We can now start to define the workflow that will run the container from the image that we have created previously.
apiVersion: argoproj.io/v1alpha1
kind: CronWorkflow
metadata:
name: bigquery-load
spec:
schedule: "0 * * * *"
timezone: "Asia/Karachi"
failedJobsHistoryLimit: 1
successfulJobsHistoryLimit: 1
entrypoint: bq-load-job
templates:
- name: bq-load-job
container:
image: <private>.ecr.amazonaws.com/bq-load-job:latest
command: [python]
args: ["bigquery-load.py"]
Under the spec field, we can define some useful fields to configure the running of our workflow. We have defined a cron schedule that runs the specified template every hour at the 0th minute mark. The failed and successful JobsHistoryLimit fields limit the number of pods that persist after the workflow has completed both successfully or with failure. Once the workflow configuration file is complete, the workflow can be simply created with the following Argo CLI command and your workflow will run at the next specified interval.
argo cron create -n your-namespace bigquery-load.yaml
The entry point here is defined as template of type container
. bq-load-job template fetches the image from our ECR repository and initiates the workflow by running the python file bigquery-load.py. The python program then executes and fetches the data from BigQuery and loads it into Redshift.

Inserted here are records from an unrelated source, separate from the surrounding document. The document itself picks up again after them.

lemma condA_imp_bounded_access:
  assumes \<phi>: "summable_potential M \<theta> A \<alpha> \<phi>" and condA: "condA M \<theta> A \<phi>"
    and nonempty: "\<And>x b. x \<in> space M \<Longrightarrow> cyl \<theta> A (\<theta> x) b \<noteq> {}"
  shows "bounded_access M A"
  unfolding bounded_access_def
proof
  fix b
  obtain Me where Me: "0 < Me"
    and lower: "AE x in M. \<forall>\<omega>\<in>cyl \<theta> A (\<theta> x) b. ennreal (1 / Me) \<le> Lop A \<phi> x (\<lambda>_. 1) \<omega>"
    using condA condA_def by blast
  obtain l where tail: "AE x in M. \<forall>\<omega>\<in>Eadm \<theta> A (\<theta> x).
      Lop A \<phi> x (indicator (Eadm \<theta> A x - cyl_le \<theta> A x l)) \<omega> \<le> ennreal (1 / (2 * Me))"
    using summable_potential_tail[OF \<phi>, of "1 / (2 * Me)"] Me by auto
  have half_less: "ennreal (1 / (2 * Me)) < ennreal (1 / Me)"
    using Me by (subst ennreal_less_iff) (auto simp: field_simps)
  have "AE x in M. \<exists>a\<le>l. A x a b"
    using lower tail AE_space
  proof eventually_elim
    case (elim x)
    obtain \<omega> where \<omega>: "\<omega> \<in> cyl \<theta> A (\<theta> x) b" using nonempty[OF elim(3)] by blast
    show ?case
    proof (rule ccontr)
      assume "\<not> (\<exists>a\<le>l. A x a b)"
      then have "Lop A \<phi> x (\<lambda>_. 1) \<omega> \<le> Lop A \<phi> x (indicator (Eadm \<theta> A x - cyl_le \<theta> A x l)) \<omega>"
        using \<omega> by (intro Lop_one_le_tail) (auto simp: cyl_def not_le)
      also have "\<dots> \<le> ennreal (1 / (2 * Me))" using elim(2) \<omega> by (auto simp: cyl_def)
      also have "\<dots> < ennreal (1 / Me)" by (rule half_less)
      also have "\<dots> \<le> Lop A \<phi> x (\<lambda>_. 1) \<omega>" using elim(1) \<omega> by blast
      finally show False by simp
    qed
  qed
  then show "\<exists>b'. AE x in M. \<exists>a\<le>b'. A x a b" by blast
qed

lemma finite_range_imp_condB:
  assumes \<phi>: "summable_potential M \<theta> A \<alpha> \<phi>" and range: "finite_range M A"
  shows "condB M \<theta> A \<phi>"
  unfolding condB_def
proof (intro allI impI)
  fix \<epsilon> :: real assume "0 < \<epsilon>"
  then obtain l where tail: "AE x in M. \<forall>\<omega>\<in>Eadm \<theta> A (\<theta> x).
      Lop A \<phi> x (indicator (Eadm \<theta> A x - cyl_le \<theta> A x l)) \<omega> \<le> ennreal \<epsilon>"
    using summable_potential_tail[OF \<phi>] by blast
  obtain D where D: "\<And>e. finite (D e)" and D_AE: "\<And>e. AE x in M. {j. A x e j} \<subseteq> D e"
    using range unfolding finite_range_def by metis
  have D_AE_all: "AE x in M. \<forall>e. {j. A x e j} \<subseteq> D e"
    using D_AE by (simp add: AE_all_countable)
  have "finite (\<Union>e\<le>l. D e)" using D by simp
  then obtain N where N: "(\<Union>e\<le>l. D e) \<subseteq> {..<N}" using finite_nat_bounded by blast
  have "AE x in M. \<forall>\<omega>\<in>cyl \<theta> A (\<theta> x) b. Lop A \<phi> x (\<lambda>_. 1) \<omega> \<le> ennreal \<epsilon>" if "N \<le> b" for b
    using tail D_AE_all
  proof eventually_elim
    case (elim x)
    show ?case
    proof
      fix \<omega> assume \<omega>: "\<omega> \<in> cyl \<theta> A (\<theta> x) b"
      have "l < e" if "A x e (\<omega> 0)" for e
      proof (rule ccontr)
        assume "\<not> l < e"
        then have "b \<in> (\<Union>e\<le>l. D e)" using elim(2) that \<omega> by (force simp: cyl_def not_less)
        then show False using N \<open>N \<le> b\<close> by auto
      qed
      then have "Lop A \<phi> x (\<lambda>_. 1) \<omega> \<le> Lop A \<phi> x (indicator (Eadm \<theta> A x - cyl_le \<theta> A x l)) \<omega>"
        using \<omega> by (intro Lop_one_le_tail) (auto simp: cyl_def)
      also have "\<dots> \<le> ennreal \<epsilon>" using elim(1) \<omega> by (auto simp: cyl_def)
      finally show "Lop A \<phi> x (\<lambda>_. 1) \<omega> \<le> ennreal \<epsilon>" .
    qed
  qed
  then show "\<exists>N. \<forall>b\<ge>N. AE x in M. \<forall>\<omega>\<in>cyl \<theta> A (\<theta> x) b. Lop A \<phi> x (\<lambda>_. 1) \<omega> \<le> ennreal \<epsilon>"
    by blast
qed

lemma condB_imp_finite_range:
  assumes \<phi>: "summable_potential M \<theta> A \<alpha> \<phi>" and condB: "condB M \<theta> A \<phi>"
    and nonempty: "\<And>x b. x \<in> space M \<Longrightarrow> cyl \<theta> A (\<theta> x) b \<noteq> {}"
  shows "finite_range M A"
  unfolding finite_range_def
proof
  fix e
  obtain c where c_pos: "\<And>e. 0 < c e"
    and c: "AE x in M. \<forall>e. \<forall>\<omega>\<in>cyl \<theta> A x e. c e \<le> exp (\<phi> x \<omega>)"
    using summable_potential_lower_bound[OF \<phi>] by blast
  have "0 < c e / 2" using c_pos[of e] by simp
  then obtain N where N: "\<And>b. N \<le> b \<Longrightarrow>
      AE x in M. \<forall>\<omega>\<in>cyl \<theta> A (\<theta> x) b. Lop A \<phi> x (\<lambda>_. 1) \<omega> \<le> ennreal (c e / 2)"
    using condB unfolding condB_def by blast
  have small: "AE x in M. \<forall>b\<ge>N. \<forall>\<omega>\<in>cyl \<theta> A (\<theta> x) b. Lop A \<phi> x (\<lambda>_. 1) \<omega> \<le> ennreal (c e / 2)"
    unfolding AE_all_countable
  proof
    fix b show "AE x in M. N \<le> b \<longrightarrow>
        (\<forall>\<omega>\<in>cyl \<theta> A (\<theta> x) b. Lop A \<phi> x (\<lambda>_. 1) \<omega> \<le> ennreal (c e / 2))"
      by (cases "N \<le> b") (use N in auto)
  qed
  have half_less: "ennreal (c e / 2) < ennreal (c e)"
    using c_pos[of e] by (subst ennreal_less_iff) auto
  have "AE x in M. {j. A x e j} \<subseteq> {..<N}"
    using small c AE_space
  proof eventually_elim
    case (elim x)
    show ?case
    proof (rule subsetI, rule ccontr)
      fix j assume j: "j \<in> {j. A x e j}" and "j \<notin> {..<N}"
      obtain \<omega> where \<omega>: "\<omega> \<in> cyl \<theta> A (\<theta> x) j" using nonempty[OF elim(3)] by blast
      have "ennreal (c e) \<le> Lop A \<phi> x (\<lambda>_. 1) \<omega>"
        using Lop_one_ge_lower_bound[of \<theta> A x c \<phi>, OF elim(2)] \<omega> j by (auto simp: cyl_def)
      also have "\<dots> \<le> ennreal (c e / 2)" using elim(1) \<open>j \<notin> {..<N}\<close> \<omega> by (simp add: not_less)
      finally show False using half_less by simp
    qed
  qed
  then show "\<exists>D. finite D \<and> (AE x in M. {j. A x e j} \<subseteq> D)" by blast
qed

theorem mainTheorem7:
  fixes M :: "'a measure" and \<theta> :: "'a \<Rightarrow> 'a" and A :: "'a \<Rightarrow> nat \<Rightarrow> nat \<Rightarrow> bool"
    and \<alpha> :: real and \<phi> :: "'a \<Rightarrow> (nat \<Rightarrow> nat) \<Rightarrow> real"
  assumes "random_shift M \<theta> A"
    and "top_mixing M \<theta> A"
    and "0 < \<alpha>"
    and "summable_potential M \<theta> A \<alpha> \<phi>"
  shows "(bounded_access M A \<longleftrightarrow> condA M \<theta> A \<phi>) \<and> (finite_range M A \<longleftrightarrow> condB M \<theta> A \<phi>)"
proof -
  have \<theta>: "\<theta> \<in> M \<rightarrow>\<^sub>M M" using assms(1) by (simp add: random_shift_def)
  have nonempty: "cyl \<theta> A (\<theta> x) b \<noteq> {}" if "x \<in> space M" for x b
    using cyl_nonempty[OF \<theta> assms(2)] measurable_space[OF \<theta> that] .
  show ?thesis
    using bounded_access_imp_condA[OF assms(4)] condA_imp_bounded_access[OF assms(4) _ nonempty]
      finite_range_imp_condB[OF assms(4)] condB_imp_finite_range[OF assms(4) _ nonempty]
    by blast
qed

end
(* Let $\mathcal A$ be an NBA such that (1) $\sqsubseteq^{\mathrm{di}}\cap\sqsupseteq^{\mathrm{di}}=\mathrm{id}$, (2) $\sqsubseteq^{\mathrm{bw\text{-}di}}\cap\sqsupseteq^{\mathrm{bw\text{-}di}}=\mathrm{id}$, and (3) $\sqsubseteq^{\mathrm{di}}\cap\sqsubseteq^{\mathrm{bw\text{-}di}}=\mathrm{id}$. Then $\sqsubseteq^{\mathrm m}\cap\sqsupseteq^{\mathrm m}=\mathrm{id}$; in particular $\mathcal A/\!\sqsubseteq^{\mathrm m}$ is isomorphic to $\mathcal A$.
   Context: An NBA $\mathcal A=(\Sigma,Q,I,F,\delta)$ is assumed forward and backward complete. Direct simulation $\sqsubseteq^{\mathrm{di}}$: in the game from $(p_0,q_0)$, at round $i$ Spoiler picks $p_i\xrightarrow{\sigma_i}p_{i+1}$, Duplicator answers $q_i\xrightarrow{\sigma_i}q_{i+1}$; Duplicator wins if $p_i\in F\Rightarrow q_i\in F$ for all $i$. Backward direct simulation $\sqsubseteq^{\mathrm{bw\text{-}di}}$: same but with backward transitions $p_{i+1}\xrightarrow{\sigma_i}p_i$, $q_{i+1}\xrightarrow{\sigma_i}q_i$, and Duplicator wins if for all $i$, $p_i\in F\Rightarrow q_i\in F$ and $p_i\in I\Rightarrow q_i\in I$. In both cases $p\sqsubseteq q$ iff Duplicator has a winning strategy from $(p,q)$; these are preorders; $\sqsupseteq$ denotes the inverse relation. For relations $A,B$, $(x,y)\in A\circ B$ iff $\exists z$ with $(x,z)\in A$, $(z,y)\in B$. A relation $M\subseteq Q\times Q$ is a mediated simulation if $M\subseteq\ \sqsubseteq^{\mathrm{di}}\circ\sqsupseteq^{\mathrm{bw\text{-}di}}$ and $M\circ\sqsubseteq^{\mathrm{di}}\ \subseteq M$; $\sqsubseteq^{\mathrm m}$ is the union of all mediated simulations (itself a mediated simulation). $\mathrm{id}$ is the identity relation; quotient by a preorder merges its equivalence classes. *)

theory Defs
  imports Main
begin

text \<open>An NBA is given by alphabet S, states Q, initial states I, accepting states F
and transition relation D (triples (p, a, q) meaning p --a--> q).
Standing assumption: forward and backward complete.\<close>

definition nba :: "'a set \<Rightarrow> 'q set \<Rightarrow> 'q set \<Rightarrow> 'q set \<Rightarrow> ('q \<times> 'a \<times> 'q) set \<Rightarrow> bool" where
  "nba S Q I F D \<longleftrightarrow> finite S \<and> finite Q \<and> I \<subseteq> Q \<and> F \<subseteq> Q \<and> D \<subseteq> Q \<times> S \<times> Q"

definition fw_complete :: "'a set \<Rightarrow> 'q set \<Rightarrow> ('q \<times> 'a \<times> 'q) set \<Rightarrow> bool" where
  "fw_complete S Q D \<longleftrightarrow> (\<forall>p\<in>Q. \<forall>a\<in>S. \<exists>q\<in>Q. (p, a, q) \<in> D)"

definition bw_complete :: "'a set \<Rightarrow> 'q set \<Rightarrow> ('q \<times> 'a \<times> 'q) set \<Rightarrow> bool" where
  "bw_complete S Q D \<longleftrightarrow> (\<forall>p\<in>Q. \<forall>a\<in>S. \<exists>q\<in>Q. (q, a, p) \<in> D)"

text \<open>Duplicator's response sequence: given Duplicator's strategy f (mapping the history of
Spoiler's moves, i.e. the list of (letter, new Spoiler state) pairs, to Duplicator's next state),
the initial state q0, Spoiler's letters sg and Spoiler's states ps.\<close>

primrec dup_play :: "(('a \<times> 'q) list \<Rightarrow> 'q) \<Rightarrow> 'q \<Rightarrow> (nat \<Rightarrow> 'a) \<Rightarrow> (nat \<Rightarrow> 'q) \<Rightarrow> nat \<Rightarrow> 'q" where
  "dup_play f q0 sg ps 0 = q0"
| "dup_play f q0 sg ps (Suc i) = f (map (\<lambda>j. (sg j, ps (Suc j))) [0..<Suc i])"

definition di_sim :: "'q set \<Rightarrow> 'q set \<Rightarrow> ('q \<times> 'a \<times> 'q) set \<Rightarrow> ('q \<times> 'q) set" where
  "di_sim Q F D = {(p0, q0). p0 \<in> Q \<and> q0 \<in> Q \<and>
     (\<exists>f. \<forall>ps sg. ps 0 = p0 \<and> (\<forall>i. (ps i, sg i, ps (Suc i)) \<in> D) \<longrightarrow>
        (\<forall>i. let qs = dup_play f q0 sg ps in
              (qs i, sg i, qs (Suc i)) \<in> D \<and> (ps i \<in> F \<longrightarrow> qs i \<in> F)))}"

definition bw_di_sim :: "'q set \<Rightarrow> 'q set \<Rightarrow> 'q set \<Rightarrow> ('q \<times> 'a \<times> 'q) set \<Rightarrow> ('q \<times> 'q) set" where
  "bw_di_sim Q I F D = {(p0, q0). p0 \<in> Q \<and> q0 \<in> Q \<and>
     (\<exists>f. \<forall>ps sg. ps 0 = p0 \<and> (\<forall>i. (ps (Suc i), sg i, ps i) \<in> D) \<longrightarrow>
        (\<forall>i. let qs = dup_play f q0 sg ps in
              (qs (Suc i), sg i, qs i) \<in> D \<and> (ps i \<in> F \<longrightarrow> qs i \<in> F)
              \<and> (ps i \<in> I \<longrightarrow> qs i \<in> I)))}"

definition mediated_sim :: "'q set \<Rightarrow> 'q set \<Rightarrow> 'q set \<Rightarrow> ('q \<times> 'a \<times> 'q) set \<Rightarrow> ('q \<times> 'q) set \<Rightarrow> bool" where
  "mediated_sim Q I F D M \<longleftrightarrow>
     M \<subseteq> Q \<times> Q \<and> M \<subseteq> di_sim Q F D O (bw_di_sim Q I F D)\<inverse> \<and> M O di_sim Q F D \<subseteq> M"

definition med_sim :: "'q set \<Rightarrow> 'q set \<Rightarrow> 'q set \<Rightarrow> ('q \<times> 'a \<times> 'q) set \<Rightarrow> ('q \<times> 'q) set" where
  "med_sim Q I F D = \<Union>{M. mediated_sim Q I F D M}"

definition quot_states :: "'q set \<Rightarrow> ('q \<times> 'q) set \<Rightarrow> 'q set set" where
  "quot_states Q R = Q // (R \<inter> R\<inverse>)"

definition quot_init :: "'q set \<Rightarrow> ('q \<times> 'q) set \<Rightarrow> 'q set \<Rightarrow> 'q set set" where
  "quot_init Q R I = {C \<in> quot_states Q R. C \<inter> I \<noteq> {}}"

definition quot_acc :: "'q set \<Rightarrow> ('q \<times> 'q) set \<Rightarrow> 'q set \<Rightarrow> 'q set set" where
  "quot_acc Q R F = {C \<in> quot_states Q R. C \<inter> F \<noteq> {}}"

definition quot_trans :: "'q set \<Rightarrow> ('q \<times> 'q) set \<Rightarrow> ('q \<times> 'a \<times> 'q) set \<Rightarrow> ('q set \<times> 'a \<times> 'q set) set" where
  "quot_trans Q R D = {(C, a, C'). C \<in> quot_states Q R \<and> C' \<in> quot_states Q R \<and>
      (\<exists>p\<in>C. \<exists>p'\<in>C'. (p, a, p') \<in> D)}"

In addition to the fields defined in this spec, Argo has a lot of other options that data engineers can benefit from. For some of our workflows, it is also useful for us to define the cpu
and memory
request and limit in the workflow configuration. inputs
can also be configured to pass in command line arguments to a container in a particular step in a workflow. Workflows also have support for parallelism
which defines the number of pods to be run concurrently for a step in the workflow.
With a singular set of rules that dictate how complex data extractions and transformations can take place within our stack, there is much less dependence on any one individual to support the workflows he/she has created as anyone on the team can read through a workflow configuration file and quickly understand the different components of that particular workflow. To this end, the team is quickly able to resolve any data related issues in production and the pace of innovation never slows down.